O secretário de Cultura e de várias outras pastas da Administração petista de Santo André, advogado Raimundo Salles, poderia ao menos ter me telefonado. Afinal, temos relacionamento cordial, mesmo com as diferenças e ambições que nos separam. Não custava Raimundo Salles dizer mesmo à distância que estava adotando, em regime de urgência ou algo parecido, o conceito nuclear da proposta que formulei há uma década para dinamizar o Turismo, a Economia e a Cultura de Santo André e da Província do Grande ABC. Uma proposta que, replicada neste CapitalSocial em 23 de maio último sob o titulo “Salles vive paradoxo: é maior que secretaria, mas pode ficar menor”, foi imediatamente capturada.

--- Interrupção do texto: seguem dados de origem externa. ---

lemma pd_prefix_has_string_attractor_card_2:
  assumes "2 \<le> n"
  obtains S where "string_attractor (pd_prefix n) S" "card S = 2"
proof -
  have pow: "(0::nat) < 2 ^ j" "(2::nat) ^ (j + 1) = 2 * 2 ^ j" for j
    by simp_all
  obtain e where e: "2 ^ e \<le> n" "n < 2 ^ (e + 1)"
    using ex_power_ivl1[of 2 n] assms by auto
  with assms obtain k where k: "e = k + 1"
    by (cases e) auto
  show ?thesis
  proof (cases "k \<noteq> 0 \<and> n < 3 * 2 ^ k")
    case True
    then obtain k' where "k = k' + 1"
      by (cases k) auto
    with True e k have "4 * 2 ^ k' \<le> n" "n < 6 * 2 ^ k'"
      by simp_all
    then have "string_attractor (pd_prefix n) {2 ^ (k' + 1) - 1, 2 ^ k' * 3 - 1}"
      by (rule string_attractor_pd_prefix_pow2_three)
    moreover have "(2::nat) ^ (k' + 1) - 1 < 2 ^ k' * 3 - 1"
      using pow[of k'] by linarith
    ultimately show ?thesis
      using that by simp
  next
    case False
    with e k have "2 ^ (k + 1) \<le> n" "n < 2 ^ (k + 2)" "k = 0 \<or> 3 * 2 ^ k \<le> n"
      by auto
    then have "string_attractor (pd_prefix n) {2 ^ k - 1, 2 ^ (k + 1) - 1}"
      by (rule string_attractor_pd_prefix_pow2)
    moreover have "(2::nat) ^ k - 1 < 2 ^ (k + 1) - 1"
      using pow[of k] by linarith
    ultimately show ?thesis
      using that by simp
  qed
qed

lemma card_string_attractor_pd_prefix_ge_2:
  assumes "2 \<le> n" "string_attractor (pd_prefix n) S"
  shows "2 \<le> card S"
proof -
  have "pd 0 \<in> set (pd_prefix n)" "pd 1 \<in> set (pd_prefix n)"
    using assms(1) unfolding pd_prefix_def set_map set_upt by (intro imageI; simp)+
  moreover have "pd 0 = 1" "pd 1 = 0"
    using pd_double[of 0] pd_Suc_double[of 0] by simp_all
  ultimately have "{0, 1} \<subseteq> set (pd_prefix n)"
    by simp
  then have "2 \<le> card (set (pd_prefix n))"
    using card_mono[of "set (pd_prefix n)" "{0, 1 :: nat}"] by simp
  also have "\<dots> \<le> card S"
    using assms(2) by (rule card_set_le_string_attractor)
  finally show ?thesis .
qed

theorem theorem3:
  fixes n :: nat
  assumes "n \<ge> 2"
  shows "min_attractor_size (pd_prefix n) = 2"
  unfolding min_attractor_size_def
proof (rule Least_equality)
  obtain S where "string_attractor (pd_prefix n) S" "card S = 2"
    using pd_prefix_has_string_attractor_card_2[OF assms] .
  then show "\<exists>S. string_attractor (pd_prefix n) S \<and> card S = 2"
    by blast
next
  fix k
  assume "\<exists>S. string_attractor (pd_prefix n) S \<and> card S = k"
  with assms show "2 \<le> k"
    using card_string_attractor_pd_prefix_ge_2 by blast
qed

end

É verdade que o secretário petista (secretário petista soa estranho a quem fez tanta oposição aos vermelhinhos, mas essa é a realidade dos fatos) não segue o roteiro traçado integralmente por este jornalista, até porque o que expõe de forma rudimentar na edição de hoje do Diário do Grande ABC é apenas um dos pontos viscerais do que produzi.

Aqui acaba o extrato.